In retrospect, it’s a miracle how long Nintendo managed to milk the shelf life of the original Game Boy handheld. Released in 1989, the system revolutionized handheld gaming, even though it was in black and white and had less processing power than even the NES at the time. One of the best-selling gaming consoles of all time, it ended up having much more popularity than its competitors in the Sega Game Gear, despite that system having a color screen.
However, the Game Boy Advance, which launched in North America in June 2001, was a real revolution in handheld technology. Able to play much more powerful games (and somewhat derisively considered a portable SNES), the system also became one of the most beloved portable systems ever.
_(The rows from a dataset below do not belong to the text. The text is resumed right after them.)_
(* Let $C_0$ be a binary linear $[n_0,n_0-r_0,3]_2 2$ code (minimum distance $3$, covering radius $2$) with parity-check matrix $H_0=[h_1\cdots h_{n_0}]$, $h_j\in\mathbb{F}_2^{r_0}$, and let $\mathcal P_0$ be a $2$-partition of the columns of $H_0$ into $p$ subsets. Let $m\ge 1$ satisfy $2^m\ge p$. Choose an indicator assignment $\beta_1,\dots,\beta_{n_0}$ with all $\beta_j\in\{*\}\cup(\mathbb{F}_{2^m}\setminus\{1\})$. Fix a nonzero column $w\in\mathbb{F}_2^m$, let $W_m\setminus w$ be $W_m$ with the column $w$ removed, and let $$D_6=\begin{bmatrix}0_{r_0}&0_{r_0}&0_{r_0}\\ W_m\setminus w& w& 0_m\\ 0_m& w& W_m\setminus w\end{bmatrix}$$ (an $(r_0+2m)\times(2^{m+1}-3)$ matrix, $0_v$ denoting zero blocks with $v$ rows). Let $H_C=[D_6\ A_2(h_1,\beta_1)\ \cdots\ A_2(h_{n_0},\beta_{n_0})]$. Then $H_C$ is the parity-check matrix of a binary linear $[n,n-r,3]_2 2$ code with $n=2^m(n_0+2)-3$ and $r=r_0+2m$; i.e. every vector of $\mathbb{F}_2^{r}$ is a column of $H_C$ or a sum of two columns of $H_C$.
   Context: For a binary linear code with $r\times n$ parity-check matrix $H$ ($r$ = codimension), the covering radius is the smallest $R$ such that every vector of $\mathbb{F}_2^r$ is a sum of at most $R$ columns of $H$ (the zero vector being the empty sum). An $[n,n-r,d]_2R$ code is a binary linear code of length $n$, codimension $r$, minimum distance $d$, covering radius $R$. Partitions: for an $r\times n$ parity-check matrix $H$ and $0\le\ell\le R$, a partition of the column set of $H$ into nonempty subsets is an $(R,\ell)$-partition if every vector of $\mathbb{F}_2^r$ (including zero) is the sum of at least $\ell$ and at most $R$ columns of $H$ lying in pairwise distinct subsets (for $\ell=0$ the zero vector is the empty sum). For $R=2$ and minimum distance $\ge3$, a $(2,0)$-partition is called a $2$-partition. Construction notation: fix $m\ge1$ and identify $\mathbb{F}_2^m$ with the field $\mathbb{F}_{2^m}$ via a fixed $\mathbb{F}_2$-basis, so field products apply to $m$-bit columns. For $h\in\mathbb{F}_2^{r_0}$, an integer $R\ge2$ and $\beta\in\mathbb{F}_{2^m}\cup\{*\}$, $A_R(h,\beta)$ is the $(r_0+Rm)\times 2^m$ binary matrix whose columns, indexed by $\xi\in\mathbb{F}_{2^m}$, are $(h,\xi,\beta\xi,\beta^2\xi,\dots,\beta^{R-1}\xi)^T$ if $\beta\in\mathbb{F}_{2^m}$, and $(h,0_{(R-1)m},\xi)^T$ if $\beta=*$. $W_m$ is the $m\times(2^m-1)$ matrix whose columns are all nonzero vectors of $\mathbb{F}_2^m$ (parity-check matrix of the Hamming code). Given $H_0=[h_1\cdots h_{n_0}]$ and a partition $\mathcal P_0$ of its columns, an indicator assignment is a choice $\beta_j\in\mathbb{F}_{2^m}\cup\{*\}$ for each $j$ such that $\beta_i\ne\beta_j$ whenever $h_i,h_j$ lie in distinct subsets of $\mathcal P_0$. *)

theory Defs
  imports "HOL-Analysis.Finite_Cartesian_Product" "HOL-Library.Z2" "HOL-Library.Disjoint_Sets"
begin

(* A matrix is represented by the list of its columns.  Columns are elements of an
   additive group 'v (for binary codes: an F_2-vector space such as bit^'r). *)

definition sum_cols :: "'v::comm_monoid_add list \<Rightarrow> nat set \<Rightarrow> 'v" where
  "sum_cols H S = (\<Sum>i\<in>S. H ! i)"

definition covered_by :: "'v::comm_monoid_add list \<Rightarrow> nat \<Rightarrow> 'v \<Rightarrow> bool" where
  "covered_by H R v \<longleftrightarrow> (\<exists>S \<subseteq> {..<length H}. card S \<le> R \<and> sum_cols H S = v)"

definition has_covering_radius :: "'v::comm_monoid_add list \<Rightarrow> nat \<Rightarrow> bool" where
  "has_covering_radius H R \<longleftrightarrow>
     (\<forall>v. covered_by H R v) \<and> (\<forall>R' < R. \<not> (\<forall>v. covered_by H R' v))"

(* the code with parity-check matrix H: supports of codewords *)
definition codewords :: "'v::comm_monoid_add list \<Rightarrow> nat set set" where
  "codewords H = {S. S \<subseteq> {..<length H} \<and> sum_cols H S = 0}"

definition has_min_distance :: "'v::comm_monoid_add list \<Rightarrow> nat \<Rightarrow> bool" where
  "has_min_distance H d \<longleftrightarrow>
     (\<exists>S \<in> codewords H. S \<noteq> {} \<and> card S = d) \<and>
     (\<forall>S \<in> codewords H. S \<noteq> {} \<longrightarrow> d \<le> card S)"

definition is_code :: "'v::comm_monoid_add list \<Rightarrow> nat \<Rightarrow> nat \<Rightarrow> nat \<Rightarrow> nat \<Rightarrow> bool" where
  "is_code H n k d R \<longleftrightarrow> length H = n \<and> card (codewords H) = 2 ^ k \<and>
     has_min_distance H d \<and> has_covering_radius H R"

definition is_2_partition :: "'v::comm_monoid_add list \<Rightarrow> nat set set \<Rightarrow> bool" where
  "is_2_partition H P \<longleftrightarrow> partition_on {..<length H} P \<and>
     (\<forall>v. \<exists>S \<subseteq> {..<length H}. card S \<le> 2 \<and> sum_cols H S = v \<and>
          (\<forall>i\<in>S. \<forall>j\<in>S. i \<noteq> j \<longrightarrow> \<not> (\<exists>B\<in>P. i \<in> B \<and> j \<in> B)))"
With Super Mario Advance and F-Zero games available right at launch, the system still had a few drawbacks – a lack of a backlit screen worked against the GBA – but made up for it with a massive library of amazing games across all genres. From RPGs like Golden Sun and the third generation of Pokemon to original Zelda adventures that helped sell the system, there were plenty of reasons to make the GBA a hot ticket item. The cheap price helped too, of course.
The GBA had plenty of ports, sure. From multiple Mario 2D adventures to Legend Of Zelda: LTTP, the GBA could rightfully be seen as one that relied on ports. However, with the amount of original titles available (seriously, have you played Riviera: The Promised Land?), the Game Boy Advance’s technology and gaming variety helped kill off most competitors in the handheld market.